**Entries shown:**

(* Let $\rho$ be a function quasi-norm over a $\sigma$-finite measure space $(\Omega,\Sigma,\mu)$, let $X$ be a quasi-Banach space, and let $(x_n)_{n=1}^\infty$ be a sequence of measurable functions $\Omega\to X$ such that $\lim_n\rho(\|x_n(\cdot)-x(\cdot)\|)=0$ for some measurable $x\colon\Omega\to X$. Then there is a subsequence $(y_n)_{n=1}^\infty$ of $(x_n)_{n=1}^\infty$ with $\lim_ny_n=x$ a.e.
   Context: $L_0^+(\mu)$: measurable functions $\Omega\to[0,\infty]$ modulo a.e. equality; $\Sigma(\mu)=\{E\in\Sigma:\mu(E)<\infty\}$. A function quasi-norm over $(\Omega,\Sigma,\mu)$ is $\rho\colon L_0^+(\mu)\to[0,\infty]$ with (F1) $\rho(tf)=t\rho(f)$ for $t\ge0$; (F2) $f\le g$ a.e. $\Rightarrow\rho(f)\le\rho(g)$; (F3) $\rho(\chi_E)<\infty$ for $E\in\Sigma(\mu)$; (F4) for all $E\in\Sigma(\mu)$, $\varepsilon>0$ there is $\delta>0$ such that $\mu(A)\le\varepsilon$ whenever $A\in\Sigma$, $A\subseteq E$, $\rho(\chi_A)\le\delta$; (F5) there is $\kappa$ with $\rho(f+g)\le\kappa(\rho(f)+\rho(g))$. *)

theory Defs
  imports "HOL-Analysis.Analysis"
begin

definition quasi_norm :: "('b::real_vector \<Rightarrow> real) \<Rightarrow> bool" where
  "quasi_norm q \<longleftrightarrow>
     (\<forall>x. 0 \<le> q x) \<and> (\<forall>x. q x = 0 \<longleftrightarrow> x = 0) \<and>
     (\<forall>c x. q (c *\<^sub>R x) = \<bar>c\<bar> * q x) \<and>
     (\<exists>C. \<forall>x y. q (x + y) \<le> C * (q x + q y))"

definition quasi_banach :: "('b::real_vector \<Rightarrow> real) \<Rightarrow> bool" where
  "quasi_banach q \<longleftrightarrow> quasi_norm q \<and>
     (\<forall>s::nat \<Rightarrow> 'b. (\<forall>e>0. \<exists>N. \<forall>m\<ge>N. \<forall>n\<ge>N. q (s m - s n) < e) \<longrightarrow>
         (\<exists>l. (\<lambda>n. q (s n - l)) \<longlonglongrightarrow> 0))"

definition qopen :: "('b::real_vector \<Rightarrow> real) \<Rightarrow> 'b set \<Rightarrow> bool" where
  "qopen q U \<longleftrightarrow> (\<forall>x\<in>U. \<exists>e>0. \<forall>y. q (y - x) < e \<longrightarrow> y \<in> U)"

definition qborel :: "('b::real_vector \<Rightarrow> real) \<Rightarrow> 'b measure" where
  "qborel q = sigma UNIV (Collect (qopen q))"

text \<open>Function quasi-norm (F1)--(F5); rho acts on nonnegative measurable functions,
  axioms are only imposed on measurable functions (elements of L_0^+).\<close>
definition function_quasi_norm :: "'a measure \<Rightarrow> (('a \<Rightarrow> ennreal) \<Rightarrow> ennreal) \<Rightarrow> bool" where
  "function_quasi_norm M \<rho> \<longleftrightarrow>
     (\<forall>f\<in>borel_measurable M. \<forall>t::real. 0 \<le> t \<longrightarrow> \<rho> (\<lambda>\<omega>. ennreal t * f \<omega>) = ennreal t * \<rho> f) \<and>
     (\<forall>f\<in>borel_measurable M. \<forall>g\<in>borel_measurable M.
        (AE \<omega> in M. f \<omega> \<le> g \<omega>) \<longrightarrow> \<rho> f \<le> \<rho> g) \<and>
     (\<forall>E\<in>sets M. emeasure M E < \<infinity> \<longrightarrow> \<rho> (indicator E) < \<infinity>) \<and>
     (\<forall>E\<in>sets M. emeasure M E < \<infinity> \<longrightarrow> (\<forall>\<epsilon>::real. \<epsilon> > 0 \<longrightarrow> (\<exists>\<delta>::real. \<delta> > 0 \<and>
        (\<forall>A\<in>sets M. A \<subseteq> E \<longrightarrow> \<rho> (indicator A) \<le> ennreal \<delta> \<longrightarrow> emeasure M A \<le> ennreal \<epsilon>)))) \<and>
     (\<exists>\<kappa>::real. \<forall>f\<in>borel_measurable M. \<forall>g\<in>borel_measurable M.
        \<rho> (\<lambda>\<omega>. f \<omega> + g \<omega>) \<le> ennreal \<kappa> * (\<rho> f + \<rho> g))"

end

theory Submission
  imports Defs
begin

text \<open>Of the hypotheses only (F1), (F2), (F4) and \<open>q \<ge> 0\<close> are needed: (F1) and (F2) give
  a Chebyshev inequality for \<open>\<rho>\<close>, and (F4) turns it into convergence in measure on every set of
  finite measure. The usual Riesz argument then applies: on the \<open>k\<close>-th set of a \<open>\<sigma>\<close>-finite
  exhaustion pick an index \<open>r k\<close> beyond which \<open>{2^-k \<le> \<parallel>x\<^sub>n - x\<parallel>}\<close> has measure at most \<open>2^-k\<close>;
  by Borel--Cantelli almost every point eventually lies outside these sets, so
  \<open>\<parallel>x\<^bsub>r k\<^esub> - x\<parallel> < 2^-k\<close> for large \<open>k\<close>.\<close>

lemma function_quasi_norm_homogeneous:
  assumes "function_quasi_norm M \<rho>" "f \<in> borel_measurable M" "0 \<le> t"
  shows "\<rho> (\<lambda>\<omega>. ennreal t * f \<omega>) = ennreal t * \<rho> f"
  using assms unfolding function_quasi_norm_def by simp

lemma function_quasi_norm_mono:
  assumes "function_quasi_norm M \<rho>" "f \<in> borel_measurable M" "g \<in> borel_measurable M"
    and "AE \<omega> in M. f \<omega> \<le> g \<omega>"
  shows "\<rho> f \<le> \<rho> g"
  using assms unfolding function_quasi_norm_def by simp

lemma function_quasi_norm_absolutely_continuous:
  assumes "function_quasi_norm M \<rho>" "E \<in> sets M" "emeasure M E < \<infinity>" "0 < \<epsilon>"
  obtains \<delta> :: real where "0 < \<delta>"
    and "\<And>A. A \<in> sets M \<Longrightarrow> A \<subseteq> E \<Longrightarrow> \<rho> (indicator A) \<le> ennreal \<delta> \<Longrightarrow> emeasure M A \<le> ennreal \<epsilon>"
proof -
  have "\<forall>E\<in>sets M. emeasure M E < \<infinity> \<longrightarrow> (\<forall>\<epsilon>::real. \<epsilon> > 0 \<longrightarrow> (\<exists>\<delta>::real. \<delta> > 0 \<and>
      (\<forall>A\<in>sets M. A \<subseteq> E \<longrightarrow> \<rho> (indicator A) \<le> ennreal \<delta> \<longrightarrow> emeasure M A \<le> ennreal \<epsilon>)))"
    using assms(1) unfolding function_quasi_norm_def by (elim conjE) assumption
  then show ?thesis
    using assms(2-4) that by blast
qed

lemma function_quasi_norm_chebyshev:
  assumes "function_quasi_norm M \<rho>" "f \<in> borel_measurable M" "A \<in> sets M" "0 \<le> t"
    and "\<And>\<omega>. \<omega> \<in> A \<Longrightarrow> ennreal t \<le> f \<omega>"
  shows "ennreal t * \<rho> (indicator A) \<le> \<rho> f"
proof -
  have "ennreal t * \<rho> (indicator A) = \<rho> (\<lambda>\<omega>. ennreal t * indicator A \<omega>)"
    using assms by (simp add: function_quasi_norm_homogeneous)
  also have "\<dots> \<le> \<rho> f"
  proof (rule function_quasi_norm_mono[OF assms(1) _ assms(2)])
    show "(\<lambda>\<omega>. ennreal t * indicator A \<omega>) \<in> borel_measurable M"
      using assms(3) by measurable
    show "AE \<omega> in M. ennreal t * indicator A \<omega> \<le> f \<omega>"
      using assms(5) by (intro AE_I2) (simp add: indicator_def)
  qed
  finally show ?thesis .
qed

lemma tendsto_zero_ennrealI:
  fixes u :: "'a \<Rightarrow> ennreal"
  assumes "\<And>\<epsilon>. 0 < \<epsilon> \<Longrightarrow> eventually (\<lambda>n. u n \<le> ennreal \<epsilon>) F"
  shows "(u \<longlongrightarrow> 0) F"
proof (rule order_tendstoI)
  fix a :: ennreal assume "0 < a"
  then obtain b where "0 < b" "b < a"
    using dense by blast
  have "b < top"
    using \<open>b < a\<close> top_greatest by (rule less_le_trans)
  then have "0 < enn2real b" "ennreal (enn2real b) = b"
    using \<open>0 < b\<close> by (simp_all add: enn2real_positive_iff)
  then show "eventually (\<lambda>n. u n < a) F"
    using assms[of "enn2real b"] \<open>b < a\<close> by (auto elim: eventually_mono)
qed simp

lemma function_quasi_norm_tendsto_in_measure:
  assumes "function_quasi_norm M \<rho>" "\<And>n. f n \<in> borel_measurable M"
    and "(\<lambda>n. \<rho> (f n)) \<longlonglongrightarrow> 0"
    and "E \<in> sets M" "emeasure M E < \<infinity>" "0 < t"
  shows "(\<lambda>n. emeasure M ({\<omega> \<in> space M. ennreal t \<le> f n \<omega>} \<inter> E)) \<longlonglongrightarrow> 0"
proof (rule tendsto_zero_ennrealI)
  fix \<epsilon> :: real assume "0 < \<epsilon>"
  then obtain \<delta> where "0 < \<delta>" and \<delta>:
    "\<And>A. A \<in> sets M \<Longrightarrow> A \<subseteq> E \<Longrightarrow> \<rho> (indicator A) \<le> ennreal \<delta> \<Longrightarrow> emeasure M A \<le> ennreal \<epsilon>"
    using function_quasi_norm_absolutely_continuous[OF assms(1,4,5)] by blast
  have "eventually (\<lambda>n. \<rho> (f n) < ennreal (t * \<delta>)) sequentially"
    using order_tendstoD(2)[OF assms(3)] \<open>0 < t\<close> \<open>0 < \<delta>\<close> by simp
  then show "eventually (\<lambda>n. emeasure M ({\<omega> \<in> space M. ennreal t \<le> f n \<omega>} \<inter> E) \<le> ennreal \<epsilon>) sequentially"
  proof eventually_elim
    case (elim n)
    define A where "A = {\<omega> \<in> space M. ennreal t \<le> f n \<omega>} \<inter> E"
    have A: "A \<in> sets M"
      using assms(2,4) unfolding A_def by measurable
    have "ennreal t * \<rho> (indicator A) \<le> \<rho> (f n)"
      using function_quasi_norm_chebyshev[OF assms(1,2) A] \<open>0 < t\<close> unfolding A_def by auto
    also have "\<dots> < ennreal t * ennreal \<delta>"
      using elim \<open>0 < t\<close> \<open>0 < \<delta>\<close> by (simp add: ennreal_mult)
    finally have less: "ennreal t * \<rho> (indicator A) < ennreal t * ennreal \<delta>" .
    have "\<rho> (indicator A) \<le> ennreal \<delta>"
    proof (rule ccontr)
      assume "\<not> ?thesis"
      then have "ennreal t * ennreal \<delta> \<le> ennreal t * \<rho> (indicator A)"
        by (intro mult_left_mono) auto
      with less show False
        by simp
    qed
    moreover have "A \<subseteq> E"
      unfolding A_def by blast
    ultimately have "emeasure M A \<le> ennreal \<epsilon>"
      using \<delta>[OF A] by blast
    then show ?case
      unfolding A_def .
  qed
qed

lemma strict_mono_dominating: "\<exists>r :: nat \<Rightarrow> nat. strict_mono r \<and> (\<forall>k. N k \<le> r k)"
proof (intro exI conjI allI)
  show "strict_mono (\<lambda>k. (\<Sum>i\<le>k. N i) + k)"
    unfolding strict_mono_Suc_iff by simp
  show "N k \<le> (\<Sum>i\<le>k. N i) + k" for k
    using member_le_sum[of k "{..k}" N] by simp
qed

lemma AE_eventually_not_in_if_emeasure_le_geometric:
  assumes "\<And>k. C k \<in> sets M" "\<And>k. emeasure M (C k) \<le> ennreal ((1/2)^k)"
  shows "AE \<omega> in M. eventually (\<lambda>k. \<omega> \<notin> C k) sequentially"
proof -
  have finite: "emeasure M (C k) < \<infinity>" for k
    using assms(2)[of k] by (metis ennreal_less_top infinity_ennreal_def le_less_trans)
  have measure_le: "measure M (C k) \<le> (1/2)^k" for k
    unfolding measure_def by (rule enn2real_leI) (simp_all add: assms(2))
  have "summable (\<lambda>k. measure M (C k))"
    by (rule summable_comparison_test'[OF summable_geometric[of "1/2::real"]]) (simp_all add: measure_le)
  from borel_cantelli_AE1[OF assms(1) finite this] show ?thesis
    by (auto elim: eventually_mono)
qed

lemma AE_tendsto_subseq_if_locally_tendsto_in_measure:
  fixes f :: "nat \<Rightarrow> 'a \<Rightarrow> ennreal"
  assumes "sigma_finite_measure M" "\<And>n. f n \<in> borel_measurable M"
    and "\<And>E t. E \<in> sets M \<Longrightarrow> emeasure M E < \<infinity> \<Longrightarrow> 0 < t \<Longrightarrow>
      (\<lambda>n. emeasure M ({\<omega> \<in> space M. ennreal t \<le> f n \<omega>} \<inter> E)) \<longlonglongrightarrow> 0"
  shows "\<exists>r. strict_mono r \<and> (AE \<omega> in M. (\<lambda>k. f (r k) \<omega>) \<longlonglongrightarrow> 0)"
proof -
  obtain E where E: "range E \<subseteq> sets M" "(\<Union>i. E i) = space M" "\<And>i. emeasure M (E i) \<noteq> \<infinity>" "incseq E"
    using sigma_finite_measure.sigma_finite_incseq[OF assms(1)] by metis
  define B where "B k n = {\<omega> \<in> space M. ennreal ((1/2)^k) \<le> f n \<omega>} \<inter> E k" for k n
  have B: "B k n \<in> sets M" for k n
    using E(1) assms(2)[of n] unfolding B_def by auto
  have "eventually (\<lambda>n. emeasure M (B k n) < ennreal ((1/2)^k)) sequentially" for k
    using order_tendstoD(2)[OF assms(3)[of "E k" "(1/2)^k"]] E(1,3) by (simp add: B_def less_top)
  then obtain N where N: "\<And>k n. N k \<le> n \<Longrightarrow> emeasure M (B k n) < ennreal ((1/2)^k)"
    unfolding eventually_sequentially by metis
  obtain r where r: "strict_mono r" "\<And>k. N k \<le> r k"
    using strict_mono_dominating by blast
  have "AE \<omega> in M. eventually (\<lambda>k. \<omega> \<notin> B k (r k)) sequentially"
    using B N r(2) by (intro AE_eventually_not_in_if_emeasure_le_geometric) (auto intro: less_imp_le)
  then have "AE \<omega> in M. (\<lambda>k. f (r k) \<omega>) \<longlonglongrightarrow> 0"
  proof (rule AE_mp, intro AE_I2 impI)
    fix \<omega> assume "\<omega> \<in> space M" and outside: "eventually (\<lambda>k. \<omega> \<notin> B k (r k)) sequentially"
    then obtain j where "\<omega> \<in> E j"
      using E(2) by auto
    then have "eventually (\<lambda>k. \<omega> \<in> E k) sequentially"
      unfolding eventually_sequentially using E(4) by (auto simp: incseq_def)
    with outside have upper: "eventually (\<lambda>k. f (r k) \<omega> \<le> ennreal ((1/2)^k)) sequentially"
      by eventually_elim (use \<open>\<omega> \<in> space M\<close> in \<open>auto simp: B_def not_le intro: less_imp_le\<close>)
    have geometric: "(\<lambda>k. ennreal ((1/2)^k)) \<longlonglongrightarrow> ennreal 0"
      by (intro tendsto_ennrealI LIMSEQ_power_zero) simp
    show "(\<lambda>k. f (r k) \<omega>) \<longlonglongrightarrow> 0"
      by (rule tendsto_sandwich[OF _ upper tendsto_const geometric[unfolded ennreal_0]]) simp
  qed
  with r show ?thesis
    by blast
qed

theorem proposition3p13:
  fixes M :: "'a measure" and \<rho> :: "('a \<Rightarrow> ennreal) \<Rightarrow> ennreal"
    and q :: "'b::real_vector \<Rightarrow> real"
    and xs :: "nat \<Rightarrow> 'a \<Rightarrow> 'b" and x :: "'a \<Rightarrow> 'b"
  assumes "sigma_finite_measure M"
    and "function_quasi_norm M \<rho>"
    and "quasi_banach q"
    and "\<forall>n. xs n \<in> M \<rightarrow>\<^sub>M qborel q"
    and "x \<in> M \<rightarrow>\<^sub>M qborel q"
    and "\<forall>n. (\<lambda>\<omega>. ennreal (q (xs n \<omega> - x \<omega>))) \<in> borel_measurable M"
    and "(\<lambda>n. \<rho> (\<lambda>\<omega>. ennreal (q (xs n \<omega> - x \<omega>)))) \<longlonglongrightarrow> 0"
  shows "\<exists>r. strict_mono r \<and> (AE \<omega> in M. (\<lambda>n. q (xs (r n) \<omega> - x \<omega>)) \<longlonglongrightarrow> 0)"
proof -
  define f where "f n = (\<lambda>\<omega>. ennreal (q (xs n \<omega> - x \<omega>)))" for n
  have f: "f n \<in> borel_measurable M" for n
    using assms(6) unfolding f_def by blast
  have "(\<lambda>n. \<rho> (f n)) \<longlonglongrightarrow> 0"
    using assms(7) unfolding f_def .
  then have "(\<lambda>n. emeasure M ({\<omega> \<in> space M. ennreal t \<le> f n \<omega>} \<inter> E)) \<longlonglongrightarrow> 0"
    if "E \<in> sets M" "emeasure M E < \<infinity>" "0 < t" for E t
    using function_quasi_norm_tendsto_in_measure[of M \<rho> f, OF assms(2) f] that by blast
  then obtain r where "strict_mono r" and r: "AE \<omega> in M. (\<lambda>n. f (r n) \<omega>) \<longlonglongrightarrow> 0"
    using AE_tendsto_subseq_if_locally_tendsto_in_measure[of M f, OF assms(1) f] by blast
  have "0 \<le> q y" for y
    using assms(3) unfolding quasi_banach_def quasi_norm_def by simp
  then have "AE \<omega> in M. (\<lambda>n. q (xs (r n) \<omega> - x \<omega>)) \<longlonglongrightarrow> 0"
    using r by (simp add: f_def ennreal_tendsto_0_iff)
  with \<open>strict_mono r\<close> show ?thesis
    by blast
qed

end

**Exercise instructions:** A single figure, the number of lines above with the word "define", is the whole answer.

**Reply:** 3